After the Second Anglo-Dutch War, the British renamed the colony "York City" or "New York". Large numbers of Dutch remained in the colony, dominating the rural areas between New York City and Albany, while people from New England started moving in as alive as immigrants from Germany. New York City attracted a large polyglot population, including a large black slave population. In 1674, the proprietary colonies of East Jersey and West Jersey were created from lands formerly component of New York.

Pennsylvania was founded in 1681 as a proprietary colony of Quaker William Penn. The main population elements included the Quaker population based in Philadelphia, a Scotch-Irish population on the Western frontier and numerous German colonies in between. Philadelphia became the largest city in the colonies with its central location, professional port, and a population of about 30,000.

The Pilgrims were a small group of Puritan separatists who felt that they needed to distance themselves physically from the Church of England, which they perceived as corrupted. They initially moved to the Netherlands, but eventually sailed to America in 1620 on the Mayflower. Upon their arrival, they drew up the Mayflower Compact, by which they bound themselves together as a united community, thus establishing the small Plymouth Colony. William Bradford was their leading leader. After its founding, other settlers traveled from England to join the colony.

More Puritans immigrated in 1629 and established the Massachusetts Bay Colony with 400 settlers. They sought to restyle the Church of England by devloping a new, ideologically pure church in the New World. By 1640, 20,000 had arrived; many died soon after arrival, but the others found a healthy climate and an ample food supply. The Plymouth and Massachusetts Bay colonies together spawned other Puritan colonies in New England, including the New Haven, Saybrook, and Connecticut colonies. During the 17th century, the New Haven and Saybrook colonies were absorbed by Connecticut.

Roger Williams established Providence Plantations in 1636 on land provided by Narragansett sachem Canonicus. Williams was a Puritan who preached religious tolerance, separation of Church and State, and a complete break with the Church of England. He was banished from the Massachusetts Bay Colony over theological disagreements; he founded the settlement based on an egalitarian constitution, providing for majority rule "in civil things" and "liberty of conscience" in religious matters. In 1637, agroup including Anne Hutchinson established a moment settlement on Aquidneck Island, also required as Rhode Island.

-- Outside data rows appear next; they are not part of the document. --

lemma convex_body_not_singleton:
  assumes "convex_body (D :: 'a::euclidean_space set)" "2 \<le> DIM('a)"
  obtains x y where "x \<in> D" "y \<in> D" "x \<noteq> y"
proof -
  obtain x where x: "x \<in> sinterior D"
    using assms(1) unfolding convex_body_def by blast
  have "D \<subseteq> S" using assms(1) by (simp add: convex_body_def sconvex_def)
  have "x \<in> D" "x \<in> S" using x \<open>D \<subseteq> S\<close> interior_of_subset[of "top_of_set S" D]
    unfolding sinterior_def by auto
  show ?thesis
  proof (rule ccontr)
    assume "\<not> thesis"
    with that \<open>x \<in> D\<close> have "D = {x}" by blast
    then have "openin (top_of_set S) {x}"
      using x openin_interior_of interior_of_subset[of "top_of_set S" D]
      unfolding sinterior_def by (metis subset_singletonD empty_iff)
    moreover have "closedin (top_of_set S) {x}" using \<open>x \<in> S\<close> by (simp add: closed_subset)
    ultimately have "{x} = {} \<or> {x} = S"
      using connected_sphere[OF assms(2), of 0 1] unfolding connected_clopen by blast
    then have "{x} = S" by simp
    moreover have "-x \<in> S" using \<open>x \<in> S\<close> by simp
    moreover have "-x \<noteq> x"
      using sphere_inner_self[OF \<open>x \<in> S\<close>] by (metis inner_minus_right neg_equal_zero zero_neq_one)
    ultimately show False by blast
  qed
qed

lemma width_wrt_hemi_arc_tangent_bounds:
  assumes "sconvex C" "p \<in> C" "q \<in> C" "-1 < p \<bullet> q" "p \<bullet> q < 1"
    and "\<forall>z\<in>C. p \<bullet> q \<le> p \<bullet> z" "\<forall>z\<in>C. q \<bullet> p \<le> q \<bullet> z"
  shows "C \<subseteq> hemi (arc_tangent p q)"
    and "arccos (max (p \<bullet> q) 0) \<le> width_wrt (hemi (arc_tangent p q)) C"
    and "width_wrt (hemi (arc_tangent p q)) C \<le> arccos (p \<bullet> q)"
proof -
  have CS: "C \<subseteq> S" using assms(1) by (simp add: sconvex_def)
  have pS: "p \<in> S" and qS: "q \<in> S" using CS assms(2,3) by auto
  have qp: "q \<bullet> p = p \<bullet> q" by (simp add: inner_commute)
  define g where "g = arc_tangent p q"
  define h where "h = arc_tangent q p"
  have g: "g \<in> S" "C \<subseteq> hemi g" and h: "h \<in> S" "C \<subseteq> hemi h"
    using arc_tangent_geometry(1)[OF qS pS] arc_tangent_geometry(1)[OF pS qS] assms(4,5) qp
      sconvex_subset_hemi_arc_tangent[OF assms(1,2,7)] sconvex_subset_hemi_arc_tangent[OF assms(1,3,6)]
    by (simp_all add: g_def h_def)
  have gh: "g \<bullet> h = - (p \<bullet> q)"
    using arc_tangent_geometry(3)[OF qS pS] assms(4,5) by (simp add: g_def h_def)
  have ne: "h \<noteq> g" "h \<noteq> -g"
    using gh sphere_inner_self[OF g(1)] assms(4,5) by auto
  show "width_wrt (hemi g) C \<le> arccos (p \<bullet> q)"
    using width_wrt_hemi_le[OF g h(1) ne h(2)] gh by simp
  have "- (g \<bullet> h') \<le> max (p \<bullet> q) 0" if "h' \<in> S" "C \<subseteq> hemi h'" for h'
  proof -
    have "0 \<le> h' \<bullet> q" "0 \<le> h' \<bullet> p" using that(2) assms(2,3) by (auto simp: hemi_def)
    then show ?thesis
      using arc_tangent_inner_lower_bound[OF qS pS \<open>h' \<in> S\<close>] assms(4,5) by (simp add: g_def qp)
  qed
  then show "arccos (max (p \<bullet> q) 0) \<le> width_wrt (hemi g) C"
    using width_wrt_hemi_ge[OF g h(1) ne h(2)] assms(5) by simp
  show "C \<subseteq> hemi g" by (fact g(2))
qed

text \<open>If C lies within distance \<rho> of a point p on the boundary of a supporting hemisphere
  hemi g, then C also lies in the hemisphere with centre sin \<rho> p - cos \<rho> g, whose lune
  with hemi g has thickness \<rho>.\<close>
lemma width_wrt_hemi_le_radius:
  assumes "C \<subseteq> S" "g \<in> S" "C \<subseteq> hemi g" "p \<in> S" "g \<bullet> p = 0" "0 < \<rho>" "\<rho> < pi/2"
    and "\<forall>z\<in>C. cos \<rho> \<le> p \<bullet> z"
  shows "width_wrt (hemi g) C \<le> \<rho>"
proof -
  have cos: "0 < cos \<rho>" "cos \<rho> < 1" and sin: "0 < sin \<rho>"
    using assms(6,7) cos_monotone_0_pi[of 0 \<rho>] by (auto intro!: cos_gt_zero_pi sin_gt_zero)
  have pp: "p \<bullet> p = 1" and gg: "g \<bullet> g = 1" and pg: "p \<bullet> g = 0"
    using sphere_inner_self assms(2,4,5) by (auto simp: inner_commute)
  define h where "h = sin \<rho> *\<^sub>R p - cos \<rho> *\<^sub>R g"
  have "h \<bullet> h = (sin \<rho>)\<^sup>2 + (cos \<rho>)\<^sup>2"
    unfolding h_def inner_diff_left inner_diff_right inner_scaleR_left inner_scaleR_right pp gg pg assms(5)
    by (simp add: power2_eq_square)
  then have hS: "h \<in> S" by (simp add: norm_eq_1)
  have gh: "g \<bullet> h = - cos \<rho>"
    unfolding h_def inner_diff_right inner_scaleR_right assms(5) gg by simp
  have "C \<subseteq> hemi h"
  proof
    fix z assume "z \<in> C"
    define \<alpha> where "\<alpha> = p \<bullet> z"
    define \<beta> where "\<beta> = g \<bullet> z"
    have zS: "z \<in> S" using \<open>z \<in> C\<close> assms(1) by blast
    have \<alpha>: "cos \<rho> \<le> \<alpha>" and \<beta>: "0 \<le> \<beta>"
      using assms(3,8) \<open>z \<in> C\<close> by (auto simp: \<alpha>_def \<beta>_def hemi_def)
    have zp: "z \<bullet> p = \<alpha>" and zg: "z \<bullet> g = \<beta>" by (simp_all add: \<alpha>_def \<beta>_def inner_commute)
    have "0 \<le> (z - \<alpha> *\<^sub>R p - \<beta> *\<^sub>R g) \<bullet> (z - \<alpha> *\<^sub>R p - \<beta> *\<^sub>R g)" by simp
    also have "\<dots> = 1 - \<alpha>\<^sup>2 - \<beta>\<^sup>2"
      unfolding inner_diff_left inner_diff_right inner_scaleR_left inner_scaleR_right pp gg pg assms(5)
        sphere_inner_self[OF zS] zp zg \<alpha>_def[symmetric] \<beta>_def[symmetric]
      by (simp add: power2_eq_square algebra_simps)
    finally have "\<beta>\<^sup>2 \<le> (sin \<rho>)\<^sup>2"
      using power_mono[OF \<alpha> less_imp_le[OF cos(1)], of 2] by (simp add: sin_squared_eq)
    then have "\<beta> \<le> sin \<rho>" using \<beta> sin by (simp add: abs_le_square_iff)
    then have "cos \<rho> * \<beta> \<le> sin \<rho> * \<alpha>"
      using \<alpha> \<beta> cos sin mult_mono[of "cos \<rho>" "\<alpha>" "\<beta>" "sin \<rho>"] by (simp add: mult.commute)
    then show "z \<in> hemi h"
      using zS by (simp add: hemi_def h_def inner_diff_left \<alpha>_def \<beta>_def)
  qed
  moreover have "h \<noteq> g" "h \<noteq> -g" using gh gg cos by auto
  ultimately have "width_wrt (hemi g) C \<le> arccos (cos \<rho>)"
    using width_wrt_hemi_le[OF assms(2,3) hS] gh by simp
  then show ?thesis using assms(6,7) by (simp add: arccos_cos)
qed

lemma farthest_point_in_sbd:
  assumes "sconvex D" "p \<in> S" "q \<in> D" "\<forall>z\<in>D. p \<bullet> q \<le> p \<bullet> z" "-1 < p \<bullet> q" "p \<bullet> q < 1"
  shows "q \<in> sbd D"
proof -
  have "q \<in> S" using assms(1,3) by (auto simp: sconvex_def)
  then show ?thesis
    using sconvex_subset_hemi_arc_tangent[OF assms(1,3,4)] arc_tangent_geometry[OF assms(2) \<open>q \<in> S\<close>]
      assms(3,5,6) sbd_if_on_supporting_great_sphere
    by (metis inner_commute)
qed

lemma constant_width_farthest_point:
  assumes "sconvex D" "compact D" "0 < \<delta>" "\<delta> < pi/2" "\<forall>x\<in>D. \<forall>y\<in>D. cos \<delta> \<le> x \<bullet> y"
    and "g \<in> S" "D \<subseteq> hemi g" "p \<in> D" "g \<bullet> p = 0" "width_wrt (hemi g) D = \<delta>"
  shows "\<exists>p'\<in>sbd D. sdist p p' = \<delta>"
proof -
  have DS: "D \<subseteq> S" using assms(1) by (simp add: sconvex_def)
  have pS: "p \<in> S" using DS assms(8) by blast
  have "continuous_on D (\<lambda>z. p \<bullet> z)" by (intro continuous_intros)
  then obtain p' where p': "p' \<in> D" "\<forall>z\<in>D. p \<bullet> p' \<le> p \<bullet> z"
    using continuous_attains_inf[OF assms(2)] assms(8) by blast
  have cos: "0 < cos \<delta>" "cos \<delta> < 1"
    using assms(3,4) cos_monotone_0_pi[of 0 \<delta>] by (auto intro!: cos_gt_zero_pi)
  have "p \<bullet> p' = cos \<delta>"
  proof (rule ccontr)
    define m where "m = p \<bullet> p'"
    have "m \<le> 1" using sphere_inner_bounds[OF pS] DS p'(1) by (auto simp: m_def)
    assume "p \<bullet> p' \<noteq> cos \<delta>"
    then have "cos \<delta> < m" using assms(5,8) p'(1) by (force simp: m_def)
    then have "arccos m < \<delta>" "0 \<le> arccos m"
      using arccos_less_arccos[of "cos \<delta>" m] cos \<open>m \<le> 1\<close> assms(3,4)
      by (auto simp: arccos_cos intro!: arccos_lbound)
    define \<rho> where "\<rho> = (arccos m + \<delta>) / 2"
    have \<rho>: "0 < \<rho>" "\<rho> < \<delta>" "arccos m \<le> \<rho>"
      using \<open>arccos m < \<delta>\<close> \<open>0 \<le> arccos m\<close> by (auto simp: \<rho>_def)
    have "cos \<rho> \<le> cos (arccos m)"
      using \<rho> \<open>0 \<le> arccos m\<close> assms(4) by (intro cos_monotone_0_pi_le) auto
    then have "\<forall>z\<in>D. cos \<rho> \<le> p \<bullet> z"
      using p'(2) \<open>cos \<delta> < m\<close> \<open>m \<le> 1\<close> cos by (force simp: m_def)
    then have "width_wrt (hemi g) D \<le> \<rho>"
      using width_wrt_hemi_le_radius[OF DS assms(6,7) pS assms(9)] \<rho> assms(4) by simp
    with \<rho> assms(10) show False by simp
  qed
  then have "p' \<in> sbd D"
    using farthest_point_in_sbd[OF assms(1) pS p'] cos by simp
  moreover have "sdist p p' = \<delta>"
    using sdist_eq_iff_inner_eq_cos[OF pS _, of p' \<delta>] DS p'(1) \<open>p \<bullet> p' = cos \<delta>\<close> assms(3,4) by auto
  ultimately show ?thesis by blast
qed

lemma constant_width_inner_minimum:
  fixes D :: "'a::euclidean_space set"
  assumes "convex_body D" "2 \<le> DIM('a)" "0 < \<delta>" "\<delta> < pi/2" "constant_width D \<delta>"
  obtains x y where "x \<in> D" "y \<in> D" "x \<bullet> y = cos \<delta>" "\<forall>x\<in>D. \<forall>y\<in>D. cos \<delta> \<le> x \<bullet> y"
proof -
  have cv: "sconvex D" and DS: "D \<subseteq> S" and na: "no_antipodes D"
    using assms(1) by (auto simp: convex_body_def sconvex_def)
  obtain x1 y1 where "x1 \<in> D" "y1 \<in> D" "x1 \<noteq> y1"
    using convex_body_not_singleton[OF assms(1,2)] by blast
  have "compact (D \<times> D)"
    using convex_body_compact[OF assms(1)] by (intro compact_Times)
  moreover have "D \<times> D \<noteq> {}" using \<open>x1 \<in> D\<close> by blast
  moreover have "continuous_on (D \<times> D) (\<lambda>z. fst z \<bullet> snd z)" by (intro continuous_intros)
  ultimately obtain z where "z \<in> D \<times> D" "\<forall>z'\<in>D \<times> D. fst z \<bullet> snd z \<le> fst z' \<bullet> snd z'"
    by (rule continuous_attains_inf[THEN bexE])
  then obtain x y where xy: "x \<in> D" "y \<in> D" and min: "\<forall>x'\<in>D. \<forall>y'\<in>D. x \<bullet> y \<le> x' \<bullet> y'"
    by (metis mem_Times_iff fst_conv snd_conv)
  have xS: "x \<in> S" and yS: "y \<in> S" using xy DS by auto
  have "x \<bullet> y \<le> x1 \<bullet> y1" using min \<open>x1 \<in> D\<close> \<open>y1 \<in> D\<close> by blast
  also have "\<dots> < 1"
  proof -
    have "x1 \<in> S" "y1 \<in> S" using DS \<open>x1 \<in> D\<close> \<open>y1 \<in> D\<close> by auto
    then show ?thesis
      using sphere_inner_bounds(1) sphere_inner_eq_1_iff \<open>x1 \<noteq> y1\<close> by (metis less_le)
  qed
  finally have t1: "x \<bullet> y < 1" .
  have t0: "-1 < x \<bullet> y"
    using sphere_inner_bounds[OF xS yS] sphere_inner_eq_neg1_iff[OF xS yS] na xy
    by (force simp: no_antipodes_def)
  have "\<forall>z\<in>D. x \<bullet> y \<le> x \<bullet> z" "\<forall>z\<in>D. y \<bullet> x \<le> y \<bullet> z"
    using min xy by (auto simp: inner_commute)
  note bounds = width_wrt_hemi_arc_tangent_bounds[OF cv xy t0 t1 this]
  have "supports_at (hemi (arc_tangent x y)) D x"
    using arc_tangent_geometry[OF yS xS] bounds(1) xy t0 t1
    by (subst supports_at_hemi_iff) (simp_all add: inner_commute)
  then have w: "width_wrt (hemi (arc_tangent x y)) D = \<delta>"
    using assms(5) by (auto simp: constant_width_def supporting_def)
  have "0 < x \<bullet> y"
  proof (rule ccontr)
    assume "\<not> 0 < x \<bullet> y"
    then have "max (x \<bullet> y) 0 = 0" by simp
    with bounds(2) w have "pi/2 \<le> \<delta>" by (metis arccos_0)
    with assms(4) show False by linarith
  qed
  with bounds(2,3) w have "arccos (x \<bullet> y) = \<delta>" by simp
  moreover have "cos (arccos (x \<bullet> y)) = x \<bullet> y" using t0 t1 by simp
  ultimately have "x \<bullet> y = cos \<delta>" by simp
  with that xy min show ?thesis by simp
qed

On October 19, 1652, the Charles II.

Other colonists settled to the north, mingling with adventurers and profit-oriented settlers to establish more religiously diverse colonies in New Hampshire and Maine. Massachusetts absorbed these small settlements when it made significant land claims in the 1640s and 1650s, but New Hampshire was eventually given a separate charter in 1679. Maine remained a part of Massachusetts until achieving statehood in 1820.

In 1685, King James II of England closed the legislatures and consolidated the New England colonies into the Dominion of New England, putting the region under the control of Governor Edmund Andros. In 1688, the colonies of New York, West Jersey, and East Jersey were added to the dominion. Andros was overthrown and the dominion was closed in 1689, after the Glorious Revolution deposed King James II; the former colonies were re-established. According to Guy Miller, the Rebellion of 1689 was the "climax of the 60-year-old struggle between the government in England and the Puritans of Massachusetts over the question of who was to rule the Bay colony."